Heightened market volatility is becoming a significant concern for investors globally, largely driven by uncertainty surrounding international trade tariffs. In this unpredictable climate, identifying investments capable of weathering potential economic turbulence is paramount. Strategies are shifting towards assets perceived as more resilient to widespread economic slowdowns.

Jefferies Advocates for Tariff-Resistant Stocks

Investment bank Jefferies suggests that the current macroeconomic landscape requires a more sophisticated approach than simply choosing between cyclical and defensive stocks. They note that market sentiment can shift rapidly based on policy changes or breakthroughs in trade negotiations. Consequently, Jefferies recommends focusing on companies with limited direct exposure to the negative impacts of tariffs and potential economic deceleration.

Netflix (NFLX): Subscription Model Offers Shelter

Netflix emerges as a key recommendation. Jefferies highlights that the streaming giant’s subscription-based revenue model makes it less susceptible to tariff impacts. The service is viewed as relatively affordable for households, potentially retaining subscribers even if consumer spending tightens. Jefferies has set a price target suggesting significant upside potential for NFLX shares, which have already seen modest gains in 2025.

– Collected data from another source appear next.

(* Let $m\ge2$ and $G=CK(2m-1)$. There exists a set $B$ of $m$ edges of $G$ that has an edge in common with every simple Hamiltonian path of $G$.
   Context: $CK(2m-1)$ is the complete convex geometric graph on $2m-1$ points in convex position in the plane, labelled cyclically $0,\dots,2m-2$ (elements of $\mathbb{Z}_{2m-1}$), with all segments between vertices as edges. A simple Hamiltonian path is a path through all vertices whose edges pairwise do not cross. *)

theory Defs
  imports Main
begin

text \<open>The complete convex geometric graph CK(n): vertices 0,...,n-1 placed in
convex position in this cyclic order; every pair of distinct vertices is an edge
(an unordered pair, represented as a two-element set).\<close>

definition ck_edges :: "nat \<Rightarrow> nat set set" where
  "ck_edges n = {{a, b} | a b. a < n \<and> b < n \<and> a \<noteq> b}"

text \<open>For points in convex position, two segments cross iff their four
endpoints are distinct and interleave in the cyclic order, i.e. a < c < b < d
after naming them suitably.\<close>

definition crosses :: "nat set \<Rightarrow> nat set \<Rightarrow> bool" where
  "crosses e f \<longleftrightarrow>
     (\<exists>a b c d. ((e = {a, b} \<and> f = {c, d}) \<or> (e = {c, d} \<and> f = {a, b}))
                 \<and> a < c \<and> c < b \<and> b < d)"

definition path_edges :: "nat list \<Rightarrow> nat set set" where
  "path_edges p = {{p ! i, p ! Suc i} | i. Suc i < length p}"

definition simple_ham_path :: "nat \<Rightarrow> nat list \<Rightarrow> bool" where
  "simple_ham_path n p \<longleftrightarrow>
     distinct p \<and> set p = {0..<n} \<and>
     (\<forall>e\<in>path_edges p. \<forall>f\<in>path_edges p. \<not> crosses e f)"

end

theory Submission
  imports Defs
begin

text \<open>Take B to consist of the edges from 0 to 1 and to the even vertices. A path edge
{0, a} is crossed by every segment joining a vertex below a to a vertex above a, so each
stretch of a simple path avoiding 0 and its path-neighbours stays on one side of every such
fan edge. Deleting 0 and its d \<in> {1, 2} path-neighbours leaves at most d stretches, while the
d fan edges cut the remaining vertices into d + 1 nonempty arcs unless 0 is joined to 1, to
n - 1, or to two consecutive vertices. In each of these cases one path edge at 0 ends in 1 or
in an even vertex, i.e. lies in B.\<close>

lemma path_edges_nth: "Suc i < length p \<Longrightarrow> {p ! i, p ! Suc i} \<in> path_edges p"
  unfolding path_edges_def by blast

lemma crosses_fan: "0 < x \<Longrightarrow> x < a \<Longrightarrow> a < y \<Longrightarrow> crosses {0, a} {x, y}"
  unfolding crosses_def by blast

lemma simple_ham_path_length: "simple_ham_path n p \<Longrightarrow> length p = n"
  unfolding simple_ham_path_def by (metis card_atLeastLessThan diff_zero distinct_card)

lemma simple_ham_path_obtain_position:
  assumes "simple_ham_path n p" "v < n"
  obtains t where "t < n" "p ! t = v"
  using assms simple_ham_path_length[OF assms(1)] unfolding simple_ham_path_def
  by (metis atLeastLessThan_iff in_set_conv_nth zero_le)

lemma fan_side_preserved_along_edge:
  assumes nc: "\<forall>e\<in>path_edges p. \<forall>f\<in>path_edges p. \<not> crosses e f"
    and fan: "{0, a} \<in> path_edges p" and edge: "{x, y} \<in> path_edges p"
    and "x \<notin> {0, a}" "y \<notin> {0, a}"
  shows "x < a \<longleftrightarrow> y < a"
proof (rule ccontr)
  assume "\<not> (x < a \<longleftrightarrow> y < a)"
  then have "crosses {0, a} {x, y} \<or> crosses {0, a} {y, x}"
    using assms(4,5) crosses_fan by (metis insertCI linorder_neqE_nat neq0_conv)
  then show False
    using nc fan edge by (metis insert_commute)
qed

lemma fan_side_constant_on_segment:
  assumes nc: "\<forall>e\<in>path_edges p. \<forall>f\<in>path_edges p. \<not> crosses e f"
    and fan: "{0, a} \<in> path_edges p" and "hi < length p"
    and avoid: "\<And>k. lo \<le> k \<Longrightarrow> k \<le> hi \<Longrightarrow> p ! k \<notin> {0, a}"
    and "lo \<le> s" "s \<le> hi"
  shows "p ! s < a \<longleftrightarrow> p ! lo < a"
  using assms(5,6)
proof (induction s)
  case 0
  then show ?case by simp
next
  case (Suc s)
  show ?case
  proof (cases "lo = Suc s")
    case False
    have "p ! s < a \<longleftrightarrow> p ! Suc s < a"
      using fan_side_preserved_along_edge[OF nc fan path_edges_nth] Suc.prems False avoid
        \<open>hi < length p\<close>
      by simp
    with Suc False show ?thesis by simp
  qed simp
qed

lemma fan_neighbour_position:
  assumes "distinct p" "i < length p" "p ! i = 0" "{0, a} \<in> path_edges p"
    and "k < length p" "p ! k = a"
  shows "k + 1 = i \<or> k = i + 1"
proof -
  obtain j where j: "Suc j < length p" "{0, a} = {p ! j, p ! Suc j}"
    using assms(4) unfolding path_edges_def by blast
  have "p ! j \<noteq> p ! Suc j"
    using assms(1) j(1) by (simp add: nth_eq_iff_index_eq)
  then have "p ! j = 0 \<and> p ! Suc j = a \<or> p ! j = a \<and> p ! Suc j = 0"
    using j(2) by (auto simp: doubleton_eq_iff)
  then show ?thesis
    using assms j(1) by (metis Suc_eq_plus1 Suc_lessD nth_eq_iff_index_eq)
qed

lemma fan_side_constant:
  assumes sh: "simple_ham_path n p" and zero: "i < n" "p ! i = 0"
    and fan: "{0, a} \<in> path_edges p"
    and "s < n" "t < n"
    and same_segment: "s + 1 < i \<and> t + 1 < i \<or> i + 1 < s \<and> i + 1 < t"
  shows "p ! s < a \<longleftrightarrow> p ! t < a"
proof -
  have len: "length p = n" and dist: "distinct p"
    and nc: "\<forall>e\<in>path_edges p. \<forall>f\<in>path_edges p. \<not> crosses e f"
    using sh simple_ham_path_length unfolding simple_ham_path_def by auto
  have avoid: "p ! k \<notin> {0, a}" if "k < n" "k + 1 \<noteq> i" "k \<noteq> i" "k \<noteq> i + 1" for k
  proof -
    have "p ! k \<noteq> 0"
      using that zero dist len by (metis nth_eq_iff_index_eq)
    moreover have "p ! k \<noteq> a"
      using that zero len fan_neighbour_position[OF dist _ zero(2) fan, of k] by auto
    ultimately show ?thesis by simp
  qed
  consider "s + 1 < i" "t + 1 < i" | "i + 1 < s" "i + 1 < t"
    using same_segment by blast
  then show ?thesis
  proof cases
    case 1
    have side: "p ! k < a \<longleftrightarrow> p ! 0 < a" if "k \<le> i - 2" for k
    proof (rule fan_side_constant_on_segment[OF nc fan])
      show "p ! j \<notin> {0, a}" if "0 \<le> j" "j \<le> i - 2" for j
        by (rule avoid) (use that 1 zero in auto)
    qed (use that 1 zero len in auto)
    show ?thesis
      using side[of s] side[of t] 1 by linarith
  next
    case 2
    have side: "p ! k < a \<longleftrightarrow> p ! (i + 2) < a" if "i + 2 \<le> k" "k \<le> n - 1" for k
    proof (rule fan_side_constant_on_segment[OF nc fan])
      show "p ! j \<notin> {0, a}" if "i + 2 \<le> j" "j \<le> n - 1" for j
        by (rule avoid) (use that 2 \<open>s < n\<close> in auto)
    qed (use that 2 \<open>s < n\<close> len in auto)
    show ?thesis
      using side[of s] side[of t] 2 \<open>s < n\<close> \<open>t < n\<close> by linarith
  qed
qed

lemma fan_non_neighbour_position:
  assumes sh: "simple_ham_path n p" and zero: "i < n" "p ! i = 0"
    and "s < n" "p ! s \<noteq> 0" "{0, p ! s} \<notin> path_edges p"
  shows "s + 1 < i \<or> i + 1 < s"
proof -
  have len: "length p = n" using simple_ham_path_length[OF sh] .
  have "s \<noteq> i" using assms by auto
  moreover have "s \<noteq> i + 1"
    using assms len path_edges_nth[of i p] by auto
  moreover have "s + 1 \<noteq> i"
    using assms len path_edges_nth[of s p] by (auto simp: insert_commute)
  ultimately show ?thesis by linarith
qed

lemma fan_edge_bounds:
  assumes "simple_ham_path n p" "{0, v} \<in> path_edges p"
  shows "0 < v \<and> v < n"
proof -
  obtain j where j: "Suc j < length p" "{0, v} = {p ! j, p ! Suc j}"
    using assms(2) unfolding path_edges_def by blast
  have "p ! j \<noteq> p ! Suc j" "p ! j < n" "p ! Suc j < n"
    using assms(1) j(1) simple_ham_path_length[OF assms(1)] nth_mem[of j p] nth_mem[of "Suc j" p]
    unfolding simple_ham_path_def by (auto simp: nth_eq_iff_index_eq)
  then show ?thesis
    using j(2) by (auto simp: doubleton_eq_iff)
qed

lemma simple_ham_path_fan_at_zero:
  assumes sh: "simple_ham_path n p" and "2 \<le> n"
  shows "\<exists>v. {0, v} \<in> path_edges p \<and> (v = 1 \<or> v = n - 1 \<or> {0, Suc v} \<in> path_edges p)"
proof (rule ccontr)
  assume "\<not> ?thesis"
  then have far: "1 < v \<and> v < n - 1 \<and> {0, Suc v} \<notin> path_edges p"
    if "{0, v} \<in> path_edges p" for v
    using that fan_edge_bounds[OF sh] by fastforce
  have len: "length p = n" and dist: "distinct p"
    using sh simple_ham_path_length unfolding simple_ham_path_def by auto
  obtain i where i: "i < n" "p ! i = 0"
    using simple_ham_path_obtain_position[OF sh, of 0] \<open>2 \<le> n\<close> by auto
  have away: "s + 1 < i \<or> i + 1 < s" if "s < n" "p ! s \<noteq> 0" "{0, p ! s} \<notin> path_edges p" for s
    using fan_non_neighbour_position[OF sh i that] .
  have left_edge: "{0, p ! (i - 1)} \<in> path_edges p" if "0 < i"
    using path_edges_nth[of "i - 1" p] that i len by (simp add: insert_commute)
  have right_edge: "{0, p ! Suc i} \<in> path_edges p" if "Suc i < n"
    using path_edges_nth[of i p] that i len by simp
  obtain a where a: "{0, a} \<in> path_edges p"
    using left_edge right_edge i \<open>2 \<le> n\<close> by (cases "i = 0") auto
  obtain s where s: "s < n" "p ! s = 1"
    using simple_ham_path_obtain_position[OF sh, of 1] \<open>2 \<le> n\<close> by auto
  obtain t where t: "t < n" "p ! t = n - 1"
    using simple_ham_path_obtain_position[OF sh, of "n - 1"] \<open>2 \<le> n\<close> by auto
  have s_away: "s + 1 < i \<or> i + 1 < s" and t_away: "t + 1 < i \<or> i + 1 < t"
    using away[OF s(1)] away[OF t(1)] far s t \<open>2 \<le> n\<close> by auto
  have "\<not> (s + 1 < i \<and> t + 1 < i \<or> i + 1 < s \<and> i + 1 < t)"
    using fan_side_constant[OF sh i a s(1) t(1)] far[OF a] s t by auto
  then have opposite: "s + 1 < i \<and> i + 1 < t \<or> t + 1 < i \<and> i + 1 < s"
    using s_away t_away by auto
  then have "0 < i" "Suc i < n"
    using s t by auto
  define lo where "lo = min (p ! (i - 1)) (p ! Suc i)"
  define hi where "hi = max (p ! (i - 1)) (p ! Suc i)"
  have lo: "{0, lo} \<in> path_edges p" and hi: "{0, hi} \<in> path_edges p"
    unfolding lo_def hi_def using left_edge right_edge \<open>0 < i\<close> \<open>Suc i < n\<close>
    by (simp_all add: min_def max_def)
  have "p ! (i - 1) \<noteq> p ! Suc i"
    using dist len \<open>0 < i\<close> \<open>Suc i < n\<close> by (simp add: nth_eq_iff_index_eq)
  then have "lo < hi"
    unfolding lo_def hi_def by linarith
  moreover have "Suc lo \<noteq> hi"
    using far[OF lo] hi by auto
  ultimately have between: "1 < lo" "Suc lo < hi" "hi < n - 1"
    using far[OF lo] far[OF hi] by auto
  have "Suc lo < n"
    using between by linarith
  then obtain u where u: "u < n" "p ! u = Suc lo"
    by (rule simple_ham_path_obtain_position[OF sh])
  have "u + 1 < i \<or> i + 1 < u"
    using away[OF u(1)] far[OF lo] u(2) by auto
  \<comment> \<open>1, lo + 1 and n - 1 lie in three different arcs of the fan, but on only two stretches\<close>
  then have "s + 1 < i \<and> u + 1 < i \<or> i + 1 < s \<and> i + 1 < u
      \<or> t + 1 < i \<and> u + 1 < i \<or> i + 1 < t \<and> i + 1 < u"
    using opposite by auto
  then show False
    using fan_side_constant[OF sh i lo s(1) u(1)] fan_side_constant[OF sh i hi t(1) u(1)]
      s t u between by auto
qed

definition fan_blocker :: "nat \<Rightarrow> nat set set" where
  "fan_blocker m = (\<lambda>v. {0, v}) ` insert 1 ((\<lambda>j. 2 * j) ` {1..<m})"

lemma card_fan_blocker:
  assumes "1 \<le> m"
  shows "card (fan_blocker m) = m"
proof -
  have "inj_on (\<lambda>v. {0, v}) (insert 1 ((\<lambda>j. 2 * j) ` {1..<m}))"
    by (rule inj_onI) (auto simp: doubleton_eq_iff)
  moreover have "1 \<notin> (\<lambda>j. 2 * j) ` {1..<m}"
    by auto
  moreover have "card ((\<lambda>j. 2 * j) ` {1..<m}) = m - 1"
    by (simp add: card_image inj_on_def)
  ultimately show ?thesis
    unfolding fan_blocker_def using assms by (simp add: card_image)
qed

lemma fan_blocker_subset_ck_edges:
  assumes "2 \<le> m"
  shows "fan_blocker m \<subseteq> ck_edges (2 * m - 1)"
  using assms unfolding fan_blocker_def ck_edges_def by force

lemma fan_blocker_memI:
  assumes "0 < v" "v < 2 * m - 1" "v = 1 \<or> even v"
  shows "{0, v} \<in> fan_blocker m"
proof (cases "v = 1")
  case False
  then have "v = 2 * (v div 2)" "v div 2 \<in> {1..<m}"
    using assms by auto
  then show ?thesis
    unfolding fan_blocker_def by blast
qed (simp add: fan_blocker_def)

theorem proposition2:
  fixes m :: nat
  assumes "m \<ge> 2"
  shows "\<exists>B. B \<subseteq> ck_edges (2 * m - 1) \<and> card B = m \<and>
           (\<forall>p. simple_ham_path (2 * m - 1) p \<longrightarrow> B \<inter> path_edges p \<noteq> {})"
proof -
  have "fan_blocker m \<inter> path_edges p \<noteq> {}" if sh: "simple_ham_path (2 * m - 1) p" for p
  proof -
    have "2 \<le> 2 * m - 1"
      using assms by simp
    then obtain v where v: "{0, v} \<in> path_edges p"
      and short: "v = 1 \<or> v = 2 * m - 1 - 1 \<or> {0, Suc v} \<in> path_edges p"
      using simple_ham_path_fan_at_zero[OF sh] by blast
    obtain w where w: "{0, w} \<in> path_edges p" "0 < w" "w < 2 * m - 1" "w = 1 \<or> even w"
    proof (cases "v = 1 \<or> even v")
      case True
      then show ?thesis
        using v fan_edge_bounds[OF sh v] by (intro that[of v]) auto
    next
      case False
      then have "{0, Suc v} \<in> path_edges p" "even (Suc v)"
        using short assms by auto
      then show ?thesis
        using fan_edge_bounds[OF sh] by (intro that[of "Suc v"]) auto
    qed
    show ?thesis
      using fan_blocker_memI[OF w(2-4)] w(1) by blast
  qed
  then show ?thesis
    using fan_blocker_subset_ck_edges[OF assms] card_fan_blocker[of m] assms
    by (intro exI[of _ "fan_blocker m"]) simp
qed

end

McDonald’s (MCD): Value Focus Drives Growth

McDonald’s is another favoured option, demonstrating strength with notable share price increases this year. The company’s emphasis on affordable pricing and value meal combinations has bolstered its market position, particularly in the United States. Jefferies underscores McDonald’s minimal exposure to trade tariffs and projects further potential growth, assigning it a positive price target.

CME Group (CME): Profiting from Volatility

Within the financial sector, CME Group is positioned to benefit from the increased market volatility spurred by trade disputes. As a major derivatives marketplace operator dealing in metals, energy, and commodities, its business often thrives during periods of uncertainty. Shares have performed well in 2025, and Jefferies identifies the company as a crucial player during trade instability, setting a price target that reflects anticipated growth.

Additional Defensive Selections

Beyond these specific names, Jefferies also points to other companies as potentially stable investments should trade conflicts persist. Quest Diagnostics (in healthcare) and Wheaton Precious Metals are cited as further examples of businesses with relatively low exposure to international trade fluctuations, offering potential safe havens for investors seeking stability.